### Saved data entries:
══════

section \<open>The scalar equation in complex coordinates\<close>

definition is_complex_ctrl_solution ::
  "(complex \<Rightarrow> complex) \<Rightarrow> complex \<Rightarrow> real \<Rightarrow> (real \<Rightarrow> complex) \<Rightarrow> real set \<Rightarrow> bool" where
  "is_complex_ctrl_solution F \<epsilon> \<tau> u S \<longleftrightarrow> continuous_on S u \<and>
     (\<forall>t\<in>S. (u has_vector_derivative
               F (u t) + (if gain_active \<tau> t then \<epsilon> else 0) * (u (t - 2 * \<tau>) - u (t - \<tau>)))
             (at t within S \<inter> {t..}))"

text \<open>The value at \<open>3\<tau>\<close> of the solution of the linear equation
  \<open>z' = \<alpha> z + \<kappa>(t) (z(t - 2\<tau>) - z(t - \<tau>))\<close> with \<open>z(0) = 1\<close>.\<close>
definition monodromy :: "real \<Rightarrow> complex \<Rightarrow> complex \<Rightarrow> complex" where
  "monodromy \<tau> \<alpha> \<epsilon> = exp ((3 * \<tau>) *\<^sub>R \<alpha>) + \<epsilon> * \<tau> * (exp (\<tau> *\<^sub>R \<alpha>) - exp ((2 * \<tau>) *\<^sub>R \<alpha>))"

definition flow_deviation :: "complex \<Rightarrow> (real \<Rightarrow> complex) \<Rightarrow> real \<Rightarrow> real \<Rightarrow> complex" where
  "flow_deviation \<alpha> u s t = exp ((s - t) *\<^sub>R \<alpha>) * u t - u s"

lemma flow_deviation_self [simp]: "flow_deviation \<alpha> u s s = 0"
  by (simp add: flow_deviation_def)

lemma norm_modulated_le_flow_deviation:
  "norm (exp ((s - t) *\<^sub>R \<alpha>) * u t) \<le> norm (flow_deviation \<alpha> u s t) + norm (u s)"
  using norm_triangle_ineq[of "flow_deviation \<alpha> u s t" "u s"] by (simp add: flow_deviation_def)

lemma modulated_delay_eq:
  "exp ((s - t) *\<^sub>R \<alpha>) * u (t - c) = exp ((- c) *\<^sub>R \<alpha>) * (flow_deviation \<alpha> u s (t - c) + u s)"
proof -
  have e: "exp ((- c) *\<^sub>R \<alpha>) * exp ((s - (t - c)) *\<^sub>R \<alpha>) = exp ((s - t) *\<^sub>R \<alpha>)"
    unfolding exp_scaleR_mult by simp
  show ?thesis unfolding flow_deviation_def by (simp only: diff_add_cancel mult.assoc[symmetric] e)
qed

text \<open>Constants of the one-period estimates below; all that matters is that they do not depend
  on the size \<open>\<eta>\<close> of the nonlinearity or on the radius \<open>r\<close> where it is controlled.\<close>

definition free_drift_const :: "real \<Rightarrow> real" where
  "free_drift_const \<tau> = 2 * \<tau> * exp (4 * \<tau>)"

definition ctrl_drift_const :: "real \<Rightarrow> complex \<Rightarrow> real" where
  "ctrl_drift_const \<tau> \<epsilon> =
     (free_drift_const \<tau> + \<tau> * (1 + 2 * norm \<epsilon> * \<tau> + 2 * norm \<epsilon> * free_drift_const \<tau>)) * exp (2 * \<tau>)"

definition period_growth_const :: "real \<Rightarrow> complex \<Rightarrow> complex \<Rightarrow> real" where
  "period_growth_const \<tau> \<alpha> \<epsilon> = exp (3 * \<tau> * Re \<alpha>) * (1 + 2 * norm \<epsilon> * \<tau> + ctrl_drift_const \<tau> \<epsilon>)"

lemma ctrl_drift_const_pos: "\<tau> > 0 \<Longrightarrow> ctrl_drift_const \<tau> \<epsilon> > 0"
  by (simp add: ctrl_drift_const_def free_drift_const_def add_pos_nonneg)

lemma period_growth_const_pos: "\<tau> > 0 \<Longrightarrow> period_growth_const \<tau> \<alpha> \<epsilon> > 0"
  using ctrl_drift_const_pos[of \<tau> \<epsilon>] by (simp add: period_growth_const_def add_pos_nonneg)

══════

Make a verbatim copy of each record.

section \<open>The scalar equation in complex coordinates\<close>

definition is_complex_ctrl_solution ::
  "(complex \<Rightarrow> complex) \<Rightarrow> complex \<Rightarrow> real \<Rightarrow> (real \<Rightarrow> complex) \<Rightarrow> real set \<Rightarrow> bool" where
  "is_complex_ctrl_solution F \<epsilon> \<tau> u S \<longleftrightarrow> continuous_on S u \<and>
     (\<forall>t\<in>S. (u has_vector_derivative
               F (u t) + (if gain_active \<tau> t then \<epsilon> else 0) * (u (t - 2 * \<tau>) - u (t - \<tau>)))
             (at t within S \<inter> {t..}))"

text \<open>The value at \<open>3\<tau>\<close> of the solution of the linear equation
  \<open>z' = \<alpha> z + \<kappa>(t) (z(t - 2\<tau>) - z(t - \<tau>))\<close> with \<open>z(0) = 1\<close>.\<close>
definition monodromy :: "real \<Rightarrow> complex \<Rightarrow> complex \<Rightarrow> complex" where
  "monodromy \<tau> \<alpha> \<epsilon> = exp ((3 * \<tau>) *\<^sub>R \<alpha>) + \<epsilon> * \<tau> * (exp (\<tau> *\<^sub>R \<alpha>) - exp ((2 * \<tau>) *\<^sub>R \<alpha>))"

definition flow_deviation :: "complex \<Rightarrow> (real \<Rightarrow> complex) \<Rightarrow> real \<Rightarrow> real \<Rightarrow> complex" where
  "flow_deviation \<alpha> u s t = exp ((s - t) *\<^sub>R \<alpha>) * u t - u s"

lemma flow_deviation_self [simp]: "flow_deviation \<alpha> u s s = 0"
  by (simp add: flow_deviation_def)

lemma norm_modulated_le_flow_deviation:
  "norm (exp ((s - t) *\<^sub>R \<alpha>) * u t) \<le> norm (flow_deviation \<alpha> u s t) + norm (u s)"
  using norm_triangle_ineq[of "flow_deviation \<alpha> u s t" "u s"] by (simp add: flow_deviation_def)

lemma modulated_delay_eq:
  "exp ((s - t) *\<^sub>R \<alpha>) * u (t - c) = exp ((- c) *\<^sub>R \<alpha>) * (flow_deviation \<alpha> u s (t - c) + u s)"
proof -
  have e: "exp ((- c) *\<^sub>R \<alpha>) * exp ((s - (t - c)) *\<^sub>R \<alpha>) = exp ((s - t) *\<^sub>R \<alpha>)"
    unfolding exp_scaleR_mult by simp
  show ?thesis unfolding flow_deviation_def by (simp only: diff_add_cancel mult.assoc[symmetric] e)
qed

text \<open>Constants of the one-period estimates below; all that matters is that they do not depend
  on the size \<open>\<eta>\<close> of the nonlinearity or on the radius \<open>r\<close> where it is controlled.\<close>

definition free_drift_const :: "real \<Rightarrow> real" where
  "free_drift_const \<tau> = 2 * \<tau> * exp (4 * \<tau>)"

definition ctrl_drift_const :: "real \<Rightarrow> complex \<Rightarrow> real" where
  "ctrl_drift_const \<tau> \<epsilon> =
     (free_drift_const \<tau> + \<tau> * (1 + 2 * norm \<epsilon> * \<tau> + 2 * norm \<epsilon> * free_drift_const \<tau>)) * exp (2 * \<tau>)"

definition period_growth_const :: "real \<Rightarrow> complex \<Rightarrow> complex \<Rightarrow> real" where
  "period_growth_const \<tau> \<alpha> \<epsilon> = exp (3 * \<tau> * Re \<alpha>) * (1 + 2 * norm \<epsilon> * \<tau> + ctrl_drift_const \<tau> \<epsilon>)"

lemma ctrl_drift_const_pos: "\<tau> > 0 \<Longrightarrow> ctrl_drift_const \<tau> \<epsilon> > 0"
  by (simp add: ctrl_drift_const_def free_drift_const_def add_pos_nonneg)

lemma period_growth_const_pos: "\<tau> > 0 \<Longrightarrow> period_growth_const \<tau> \<alpha> \<epsilon> > 0"
  using ctrl_drift_const_pos[of \<tau> \<epsilon>] by (simp add: period_growth_const_def add_pos_nonneg)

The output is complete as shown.